AI compilers try to make things easier by hiding low-level details. However, GenAI workloads don’t make that easy. To get top performance, you still need:

  • Fine control over memory and execution
  • The ability to write custom kernels

That results in a tradeoff: More abstraction makes things easier, but it limits performance.

CUDA gives you full control, but it’s hard to use. As most AI development today happens in Python, the natural idea is:

  • Keep the Python experience
  • Still generate fast GPU kernels

That’s where DSL comes in.

Triton and Python kernel DSLs

A DSL (Domain-Specific Language) is a programming language designed for a specific purpose rather than general use. For example:

  • SQL is a DSL for querying databases
  • Regex is a DSL for pattern matching

A kernel DSL is a language designed specifically for writing GPU kernels.

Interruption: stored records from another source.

lemma binom_band_mult_binom_inv_toeplitz:
  "binom_band_mat q c * binom_inv_toeplitz_mat q c = mat q q (\<lambda>(m, l').
     monom (if m = l' then 1 else 0) 0
     + monom ((if m = l' + 1 then 1 else 0) - (if m = 0 then (- real c) gchoose (l' + 1) else 0)) 1)"
  (is "_ = ?Z")
proof (rule eq_matI)
  fix m l' assume "m < dim_row ?Z" "l' < dim_col ?Z"
  then have m: "m < q" and l': "l' < q"
    by simp_all
  have "(binom_band_mat q c * binom_inv_toeplitz_mat q c) $$ (m, l')
      = (\<Sum>l<q. binom_band_mat q c $$ (m, l) * binom_inv_toeplitz_mat q c $$ (l, l'))"
    using m l' by (intro index_mult_mat_sum) auto
  also have "\<dots> = (\<Sum>l<q.
        monom (if m \<le> l \<and> l \<le> l' then real (c choose (l - m)) * ((- real c) gchoose (l' - l)) else 0) 0
      + monom (if m \<le> l + 1 \<and> l \<le> l' then real (c choose (l + 1 - m)) * ((- real c) gchoose (l' - l)) else 0) 1)"
    using m l'
    by (intro sum.cong) (auto simp: binom_band_mat_def binom_inv_toeplitz_mat_def distrib_right mult_monom)
  also have "\<dots> = monom (\<Sum>l<q. if m \<le> l \<and> l \<le> l' then real (c choose (l - m)) * ((- real c) gchoose (l' - l)) else 0) 0
      + monom (\<Sum>l<q. if m \<le> l + 1 \<and> l \<le> l' then real (c choose (l + 1 - m)) * ((- real c) gchoose (l' - l)) else 0) 1"
    by (simp add: sum.distrib monom_sum)
  also have "\<dots> = monom (if m = l' then 1 else 0) 0
     + monom ((if m = l' + 1 then 1 else 0) - (if m = 0 then (- real c) gchoose (l' + 1) else 0)) 1"
    by (simp only: binomial_conv_neg_binomial_band[OF l'] binomial_conv_neg_binomial_band_shifted[OF l'])
  finally show "(binom_band_mat q c * binom_inv_toeplitz_mat q c) $$ (m, l') = ?Z $$ (m, l')"
    using m l' by simp
qed (simp_all add: binom_band_mat_def binom_inv_toeplitz_mat_def)

lemma binom_band_mult_binom_inv_toeplitz_first_row:
  assumes "l < q"
  shows "(binom_band_mat q c * binom_inv_toeplitz_mat q c) $$ (0, l)
    = monom (if l = 0 then 1 else 0) 0 - monom ((- real c) gchoose Suc l) 1"
  using assms by (simp add: binom_band_mult_binom_inv_toeplitz minus_monom)

lemma binom_band_mult_inverses_row:
  assumes "0 < m" "m < q" "l' < q"
  shows "(binom_band_mat q c * binom_inv_toeplitz_mat q c * shift_inv_mat q) $$ (m, l') = (if m = l' then 1 else 0)"
proof -
  let ?W = "shift_inv_mat q"
  have "(binom_band_mat q c * binom_inv_toeplitz_mat q c * ?W) $$ (m, l')
      = (\<Sum>l<q. (binom_band_mat q c * binom_inv_toeplitz_mat q c) $$ (m, l) * ?W $$ (l, l'))"
    using assms by (intro index_mult_mat_sum) auto
  also have "\<dots> = (\<Sum>l<q. (if l = m then ?W $$ (l, l') else 0) + (if l = m - 1 then monom 1 1 * ?W $$ (l, l') else 0))"
    using assms by (intro sum.cong) (auto simp: binom_band_mult_binom_inv_toeplitz distrib_right)
  also have "\<dots> = ?W $$ (m, l') + monom 1 1 * ?W $$ (m - 1, l')"
    using assms by (simp add: sum.distrib)
  also have "\<dots> = (if m = l' then 1 else 0)"
  proof (cases "l' < m")
    case True
    then obtain x where x: "m - l' = Suc x" "m - 1 - l' = x"
      by (metis Suc_diff_Suc diff_Suc_1 diff_commute)
    have "?W $$ (m, l') + monom 1 1 * ?W $$ (m - 1, l') = monom ((-1) ^ Suc x) (Suc x) + monom ((-1) ^ x) (Suc x)"
      using True assms x by (simp add: shift_inv_mat_def mult_monom)
    also have "\<dots> = 0"
      by (simp add: add_monom)
    finally show ?thesis
      using True by simp
  next
    case False
    then show ?thesis
      using assms by (auto simp: shift_inv_mat_def monom_0 one_pCons)
  qed
  finally show ?thesis .
qed

lemma binom_band_mult_inverses_first_entry:
  assumes "0 < q"
  shows "(binom_band_mat q (Suc s) * binom_inv_toeplitz_mat q (Suc s) * shift_inv_mat q) $$ (0, 0)
    = neg_binomial_poly s q"
proof -
  let ?Z = "binom_band_mat q (Suc s) * binom_inv_toeplitz_mat q (Suc s)" and ?W = "shift_inv_mat q"
  define g where "g k = (- real (Suc s)) gchoose k" for k
  have g: "g (Suc l) * (-1) ^ l = - real ((s + Suc l) choose Suc l)" for l
  proof -
    have "real (Suc s) + of_nat (Suc l) - 1 = real (s + Suc l)"
      by simp
    then have "g (Suc l) = (-1) ^ Suc l * real ((s + Suc l) choose Suc l)"
      unfolding g_def by (simp only: gbinomial_minus binomial_gbinomial)
    then show ?thesis
      by (cases "even l") simp_all
  qed
  have "?Z $$ (0, l) * ?W $$ (l, 0) = (if l = 0 then 1 else 0) + monom (real ((s + Suc l) choose Suc l)) (Suc l)"
    if "l < q" for l
  proof -
    have "?Z $$ (0, l) * ?W $$ (l, 0) = (monom (if l = 0 then 1 else 0) 0 - monom (g (Suc l)) 1) * monom ((-1) ^ l) l"
      using that binom_band_mult_binom_inv_toeplitz_first_row[OF that, of "Suc s"]
      by (simp add: shift_inv_mat_def g_def)
    also have "\<dots> = monom ((if l = 0 then 1 else 0) * (-1) ^ l) l - monom (g (Suc l) * (-1) ^ l) (Suc l)"
      by (simp add: left_diff_distrib mult_monom)
    also have "\<dots> = (if l = 0 then 1 else 0) + monom (real ((s + Suc l) choose Suc l)) (Suc l)"
      by (cases "l = 0") (simp_all only: g minus_monom[symmetric] diff_minus_eq_add, simp_all add: monom_0 one_pCons)
    finally show ?thesis .
  qed
  then have "(?Z * ?W) $$ (0, 0) = (\<Sum>l<q. (if l = 0 then 1 else 0) + monom (real ((s + Suc l) choose Suc l)) (Suc l))"
    using assms by (subst index_mult_mat_sum[of _ q q]) (auto intro: mult_carrier_mat)
  also have "\<dots> = 1 + (\<Sum>l<q. monom (real ((s + Suc l) choose Suc l)) (Suc l))"
    using assms by (simp add: sum.distrib)
  also have "\<dots> = neg_binomial_poly s q"
    unfolding neg_binomial_poly_def by (subst sum.atMost_shift) (simp add: monom_0 one_pCons)
  finally show ?thesis .
qed

lemma det_binom_band_mat: "det (binom_band_mat q (Suc s)) = neg_binomial_poly s q"
proof (cases "q = 0")
  case True
  then show ?thesis
    by (simp add: det_def binom_band_mat_def neg_binomial_poly_def monom_0 one_pCons)
next
  case False
  let ?E = "binom_band_mat q (Suc s)" and ?K = "binom_inv_toeplitz_mat q (Suc s)" and ?W = "shift_inv_mat q"
  have "det (?E * ?K * ?W) = det (?E * ?K) * det ?W"
    by (intro det_mult[of _ q]) (auto intro: mult_carrier_mat)
  also have "det (?E * ?K) = det ?E * det ?K"
    by (intro det_mult[of _ q]) auto
  finally have "det (?E * ?K * ?W) = det ?E"
    by (simp add: det_binom_inv_toeplitz_mat det_shift_inv_mat)
  moreover have "det (?E * ?K * ?W) = (?E * ?K * ?W) $$ (0, 0)"
    using False binom_band_mult_inverses_row mult_carrier_mat[OF binom_band_mult_binom_inv_toeplitz_carrier shift_inv_mat_carrier]
    by (intro det_eq_first_entry[of _ q]) auto
  ultimately show ?thesis
    using False binom_band_mult_inverses_first_entry by simp
qed

section \<open>The Hilbert series\<close>

lemma pcompose_monom_monom: "monom a k \<circ>\<^sub>p monom (1 :: 'a :: comm_semiring_1) e = monom a (k * e)"
proof (induction k)
  case (Suc k)
  have "monom a (Suc k) \<circ>\<^sub>p monom 1 e = monom 1 e * (monom a k \<circ>\<^sub>p monom 1 e)"
    by (simp add: monom_Suc pcompose_pCons)
  then show ?case
    using Suc by (simp add: mult_monom)
qed (simp add: monom_0)

lemma comm_ring_hom_pcompose: "comm_ring_hom (\<lambda>x :: 'a :: comm_ring_1 poly. x \<circ>\<^sub>p r)"
  by unfold_locales (simp_all add: pcompose_add pcompose_mult pcompose_1)

lemma det_pcompose_Pmat:
  "det (map_mat (\<lambda>x. x \<circ>\<^sub>p monom 1 e) (Pmat (Suc q + Suc s) (Suc q)))
     = monom 1 (e * (q choose 2)) * (neg_binomial_poly s q \<circ>\<^sub>p monom 1 e)"
  unfolding comm_ring_hom.hom_det[OF comm_ring_hom_pcompose] det_Pmat det_binom_band_mat
  by (simp add: pcompose_mult pcompose_monom_monom mult.commute)

lemma unimodal_poly_hilbert_numerator:
  assumes "0 < d"
  shows "unimodal_poly (neg_binomial_poly s q \<circ>\<^sub>p monom 1 e * geom_poly e ^ Suc c * geom_poly d ^ p)"
proof (cases "e = 0")
  case True
  then show ?thesis
    by (simp add: geom_poly_def unimodal_poly_def)
next
  case False
  then have "unimodal_poly (neg_binomial_poly s q \<circ>\<^sub>p monom 1 e * geom_poly e * geom_poly e ^ c * geom_poly d ^ p)"
    using assms
    by (intro unimodal_poly_mult_geom_poly_power unimodal_poly_pcompose_monom_mult_geom_poly
        unimodal_neg_binomial_poly) simp_all
  then show ?thesis
    by (simp add: ac_simps)
qed

theorem lemma9:
  fixes n p d :: nat
  assumes "0 < n" "0 < p" "0 < d" "p < n"
  shows "\<exists>H :: real poly.
    H * monom 1 ((d - 1) * ((p - 1) choose 2)) * [:1, -1:] ^ n =
      det (map_mat (\<lambda>e. e \<circ>\<^sub>p monom 1 (d - 1)) (Pmat n p))
      * (1 - monom 1 d) ^ p * (1 - monom 1 (d - 1)) ^ (n - p)
    \<and> unimodal_poly H"
proof -
  obtain q s where p: "p = Suc q" and n: "n = Suc q + Suc s"
    using assms by (metis add_Suc_right less_imp_Suc_add not0_implies_Suc)
  define e where "e = d - 1"
  define H where "H = neg_binomial_poly s q \<circ>\<^sub>p monom 1 e * geom_poly e ^ Suc s * geom_poly d ^ p"
  have "det (map_mat (\<lambda>x. x \<circ>\<^sub>p monom 1 e) (Pmat n p)) * (1 - monom 1 d) ^ p * (1 - monom 1 e) ^ (n - p)
      = monom 1 (e * (q choose 2)) * (neg_binomial_poly s q \<circ>\<^sub>p monom 1 e)
        * ([:1, -1:] * geom_poly d) ^ p * ([:1, -1:] * geom_poly e) ^ Suc s"
    unfolding one_minus_X_mult_geom_poly n p det_pcompose_Pmat by simp
  also have "\<dots> = H * monom 1 (e * ((p - 1) choose 2)) * [:1, -1:] ^ n"
    unfolding H_def n p power_mult_distrib power_add by (simp only: ac_simps diff_Suc_1)
  finally show ?thesis
    using unimodal_poly_hilbert_numerator[OF assms(3)] unfolding H_def e_def by metis
qed

end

Triton is the most prominent example. It sits between raw CUDA and fully compiler-driven systems.

With Triton, you still write kernels. The difference is that you write them in a higher-level, tile-oriented programming model rather than in CUDA C++ thread-level code.

This makes Triton easier to approach than raw CUDA. You still need to think about memory access, tiling, and parallel work partitioning, but you spend less time managing low-level machinery directly.

At a high level, a Triton kernel looks like this:

@triton.jit
def add_kernel(x_ptr, y_ptr, output_ptr, n, BLOCK_SIZE: tl.constexpr):
pid = tl.program_id(0)
offsets = pid * BLOCK_SIZE + tl.arange(0, BLOCK_SIZE)
x = tl.load(x_ptr + offsets)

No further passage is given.